[Dataset items]
lemma simplex_facial_decomposition:
  fixes A :: "real^'n^'m"
  assumes x: "x \<in> unit_simplex" and u: "u \<in> convA A" and x_notin: "x \<notin> Zset A u"
  obtains z t G a b where "z \<in> Zset A u" "0 < t" "(\<Sum>i\<in>UNIV. \<bar>x $ i - z $ i\<bar>) \<le> 2 * t"
    "A *v x - u = t *\<^sub>R (a - b)" "G \<in> proper_faces A" "b \<in> G" "a \<in> opposite_hull A G"
proof -
  obtain r y where split: "feasible_split A x u r y"
    and max: "\<And>r' y'. feasible_split A x u r' y' \<Longrightarrow> (\<Sum>i\<in>UNIV. r' $ i) \<le> (\<Sum>i\<in>UNIV. r $ i)"
    using exists_maximal_feasible_split[OF x u] by blast
  define t where "t = 1 - (\<Sum>i\<in>UNIV. r $ i)"
  define p where "p = x - r"
  have r: "\<And>i. 0 \<le> r $ i" and p: "\<And>i. 0 \<le> p $ i" and y: "y \<in> unit_simplex"
    and ueq: "A *v r + t *\<^sub>R (A *v y) = u"
    using split by (auto simp: feasible_split_def p_def t_def)
  have sum_p: "(\<Sum>i\<in>UNIV. p $ i) = t"
    using x by (simp add: p_def t_def sum_subtractf unit_simplex_def)
  have "t \<noteq> 0"
  proof
    assume "t = 0"
    then have "p = 0" using sum_p p sum_nonneg_eq_0_iff[of UNIV "\<lambda>i. p $ i"] by (simp add: vec_eq_iff)
    then have "A *v x = u" using ueq \<open>t = 0\<close> by (simp add: p_def)
    then show False using x x_notin by (simp add: Zset_def)
  qed
  then have t: "0 < t" using sum_p p by (metis order_le_less sum_nonneg)
  define b where "b = A *v y"
  have "b \<in> convA A" using y by (auto simp: b_def convA_def)
  then obtain G where G: "G face_of convA A" "b \<in> rel_interior G"
    using polytope_point_in_rel_interior_face[OF polytope_convA] by blast
  define I where "I = {i. 0 < p $ i}"
  have not_in_G: "column i A \<notin> G" if "i \<in> I" for i
    using maximal_split_column_notin_face[OF split max t t_def G[unfolded b_def]] that
    by (simp add: I_def p_def)
  have "(\<Sum>i\<in>I. p $ i) = (\<Sum>i\<in>UNIV. p $ i)"
    by (rule sum.mono_neutral_left) (use p in \<open>auto simp: I_def order_le_less\<close>)
  then have sum_I: "(\<Sum>i\<in>I. p $ i) = t" using sum_p by simp
  then obtain i0 where "i0 \<in> I" using t by fastforce
  have "G \<in> proper_faces A"
    using G not_in_G[OF \<open>i0 \<in> I\<close>] column_in_convA rel_interior_subset
    by (fastforce simp: proper_faces_def)
  define a where "a = (\<Sum>i\<in>I. (p $ i / t) *\<^sub>R column i A)"
  have "a \<in> opposite_hull A G"
    unfolding a_def
  proof (rule convex_sum)
    show "(\<Sum>i\<in>I. p $ i / t) = 1" using sum_I t by (simp add: sum_divide_distrib[symmetric])
  qed (use p t not_in_G in \<open>auto simp: cols_def intro!: hull_inc\<close>)
  have "A *v p = (\<Sum>i\<in>I. p $ i *\<^sub>R column i A)"
    unfolding matrix_mult_sum scalar_mult_eq_scaleR
    by (rule sum.mono_neutral_right) (use p in \<open>auto simp: I_def order_le_less\<close>)
  also have "\<dots> = t *\<^sub>R a" using t by (simp add: a_def scaleR_sum_right)
  finally have "A *v x - u = t *\<^sub>R (a - b)"
    using ueq by (simp add: p_def b_def matrix_vector_mult_diff_distrib algebra_simps)
  define z where "z = r + t *\<^sub>R y"
  have "z \<in> Zset A u"
    using r y t ueq
    by (simp add: Zset_def unit_simplex_def z_def sum.distrib sum_distrib_left[symmetric] t_def
        matrix_vector_right_distrib matrix_vector_mult_scaleR)
  have "(\<Sum>i\<in>UNIV. \<bar>x $ i - z $ i\<bar>) \<le> (\<Sum>i\<in>UNIV. p $ i + t * y $ i)"
  proof (rule sum_mono)
    fix i
    have "0 \<le> t * y $ i" using y t by (simp add: unit_simplex_def)
    then show "\<bar>x $ i - z $ i\<bar> \<le> p $ i + t * y $ i" using p[of i] by (simp add: z_def p_def)
  qed
  also have "\<dots> = 2 * t" using y by (simp add: sum.distrib sum_p sum_distrib_left[symmetric] unit_simplex_def)
  finally show ?thesis
    using that \<open>z \<in> Zset A u\<close> t \<open>A *v x - u = t *\<^sub>R (a - b)\<close> \<open>G \<in> proper_faces A\<close> G(2)
      rel_interior_subset \<open>a \<in> opposite_hull A G\<close>
    by blast
qed

section \<open>Bounds on the relative constants\<close>

lemma axis_notin_Zset_column:
  "column i A \<noteq> column j A \<Longrightarrow> axis j 1 \<notin> Zset A (column i A)"
  by (auto simp: Zset_def matrix_vector_mult_basis)

lemma proper_faces_nonempty:
  assumes "column i A \<noteq> column j A"
  shows "proper_faces A \<noteq> {}"
  using simplex_facial_decomposition[OF axis_in_unit_simplex column_in_convA
      axis_notin_Zset_column[OF assms]] by blast

lemma rel_quot_set_nonempty:
  assumes "column i A \<noteq> column j A"
  shows "rel_quot_set N f f' A \<noteq> {}"
  using axis_in_unit_simplex column_in_convA axis_notin_Zset_column[OF assms]
  by (auto simp: rel_quot_set_def intro!: exI[of _ "column i A"] exI[of _ "axis j 1"])

lemma basis_norm_sq_le_max_basis_norm_sq: "(N (axis i 1))\<^sup>2 \<le> max_basis_norm_sq N"
  unfolding max_basis_norm_sq_def by (rule Max_ge) auto

lemma max_basis_norm_sq_pos:
  assumes "is_norm (N :: real^'n \<Rightarrow> real)"
  shows "0 < max_basis_norm_sq N"
proof -
  have "0 < N (axis i 1)" for i :: 'n using is_norm_pos[OF assms] by (simp add: axis_eq_0_iff)
  then show ?thesis using basis_norm_sq_le_max_basis_norm_sq[of N] by (meson less_le_trans zero_less_power)
qed

lemma is_norm_le_sum_abs:
  fixes N :: "real^'n \<Rightarrow> real"
  assumes N: "is_norm N"
  shows "N w \<le> (\<Sum>i\<in>UNIV. \<bar>w $ i\<bar>) * sqrt (max_basis_norm_sq N)"
proof -
  have "N w = N (\<Sum>i\<in>UNIV. (w $ i) *\<^sub>R axis i 1)"
    using basis_expansion[of w] by (simp add: scalar_mult_eq_scaleR)
  also have "\<dots> \<le> (\<Sum>i\<in>UNIV. N ((w $ i) *\<^sub>R axis i 1))" by (rule is_norm_sum_le[OF N])
  also have "\<dots> = (\<Sum>i\<in>UNIV. \<bar>w $ i\<bar> * N (axis i 1))" by (simp add: is_norm_scaleR[OF N])
  also have "\<dots> \<le> (\<Sum>i\<in>UNIV. \<bar>w $ i\<bar> * sqrt (max_basis_norm_sq N))"
    using basis_norm_sq_le_max_basis_norm_sq is_norm_nonneg[OF N]
    by (intro sum_mono mult_left_mono) (auto intro: real_le_rsqrt)
  finally show ?thesis by (simp add: sum_distrib_right)
qed

lemma restricted_gain_bound:
  fixes Nn :: "real^'n \<Rightarrow> real" and Nm :: "real^'m \<Rightarrow> real"
  assumes Nn: "is_norm Nn" and Nm: "is_norm Nm" and w: "w \<noteq> 0" "(\<Sum>i\<in>UNIV. w $ i) = 0"
  shows "(Nm (A *v w))\<^sup>2 \<le> restricted_gain Nn Nm A * (Nn w)\<^sup>2"
proof -
  define W where "W = {(Nm (A *v w))\<^sup>2 / (Nn w)\<^sup>2 | w. w \<noteq> 0 \<and> (\<Sum>i\<in>UNIV. w $ i) = 0}"
  obtain C where C: "0 \<le> C" "\<And>x. Nm x \<le> C * norm x" using is_norm_le_norm[OF Nm] by blast
  obtain c where c: "0 < c" "\<And>x. c * norm x \<le> Nn x" using is_norm_ge_norm[OF Nn] by blast
  obtain K where K: "0 < K" "\<And>x. norm (A *v x) \<le> norm x * K"
    using bounded_linear.pos_bounded[OF matrix_vector_mul_bounded_linear[of A]] by blast
  have "Nm (A *v v) \<le> (C * K / c) * Nn v" for v
  proof -
    have "Nm (A *v v) \<le> C * (norm v * K)" using C K(2)[of v] by (meson mult_left_mono order_trans)
    also have "\<dots> \<le> (C * K) * (Nn v / c)"
      using c C(1) K(1) by (simp add: field_simps mult_left_mono)
    finally show ?thesis by simp
  qed
  then have "q \<le> (C * K / c)\<^sup>2" if "q \<in> W" for q
    using that is_norm_nonneg[OF Nm] is_norm_pos[OF Nn]
    by (auto simp: W_def divide_le_eq power_mult_distrib[symmetric] intro!: power_mono)
  then have "bdd_above W" by (rule bdd_aboveI)
  moreover have "(Nm (A *v w))\<^sup>2 / (Nn w)\<^sup>2 \<in> W" using w by (auto simp: W_def)
  ultimately have "(Nm (A *v w))\<^sup>2 / (Nn w)\<^sup>2 \<le> restricted_gain Nn Nm A"
    unfolding restricted_gain_def W_def[symmetric] by (rule cSup_upper[rotated])
  then show ?thesis using is_norm_pos[OF Nn w(1)] by (simp add: divide_le_eq)
qed

lemma restricted_gain_pos:
  fixes Nn :: "real^'n \<Rightarrow> real" and Nm :: "real^'m \<Rightarrow> real"
  assumes Nn: "is_norm Nn" and Nm: "is_norm Nm" and ij: "column i A \<noteq> column j A"
  shows "0 < restricted_gain Nn Nm A"
proof -
  define w where "w = axis j (1::real) - axis i 1"
  have "w \<noteq> 0" using ij by (auto simp: w_def axis_eq_axis)
  moreover have "(\<Sum>k\<in>UNIV. w $ k) = 0" by (simp add: w_def sum_subtractf axis_def)
  moreover have "A *v w \<noteq> 0" using ij by (simp add: w_def matrix_vector_mult_diff_distrib matrix_vector_mult_basis)
  ultimately have "0 < restricted_gain Nn Nm A * (Nn w)\<^sup>2"
    using restricted_gain_bound[OF Nn Nm] is_norm_pos[OF Nm] by (meson less_le_trans zero_less_power)
  then show ?thesis by (simp add: zero_less_mult_iff)
qed

lemma distZ_attained:
  fixes Nn :: "real^'n \<Rightarrow> real"
  assumes Nn: "is_norm Nn" and u: "u \<in> convA A"
  obtains z where "z \<in> Zset A u" "distZ Nn A x u = Nn (x - z)"
proof -
  obtain z where z: "z \<in> Zset A u" "\<And>z'. z' \<in> Zset A u \<Longrightarrow> Nn (x - z) \<le> Nn (x - z')"
    using is_norm_attains_min_dist[OF Nn compact_Zset Zset_nonempty[OF u]] by blast
  have "distZ Nn A x u = Nn (x - z)"
    unfolding distZ_def by (rule cInf_eq_minimum) (use z in auto)
  then show ?thesis using that z(1) by blast
qed

lemma distZ_le: "is_norm Nn \<Longrightarrow> z \<in> Zset A u \<Longrightarrow> distZ Nn A x u \<le> Nn (x - z)"
  unfolding distZ_def
  by (rule cInf_lower) (use is_norm_nonneg in \<open>auto intro!: bdd_belowI[of _ 0]\<close>)

lemma distZ_pos:
  fixes Nn :: "real^'n \<Rightarrow> real"
  assumes Nn: "is_norm Nn" and u: "u \<in> convA A" and x: "x \<notin> Zset A u"
  shows "0 < distZ Nn A x u"
proof -
  obtain z where "z \<in> Zset A u" "distZ Nn A x u = Nn (x - z)" using distZ_attained[OF Nn u] .
  then show ?thesis using x is_norm_pos[OF Nn, of "x - z"] by auto
qed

#### EXERCISE REQUIREMENTS
Line count for the string "moreover": tally the lines of the records above that contain it and give only the result.

#### ANSWER AREA
3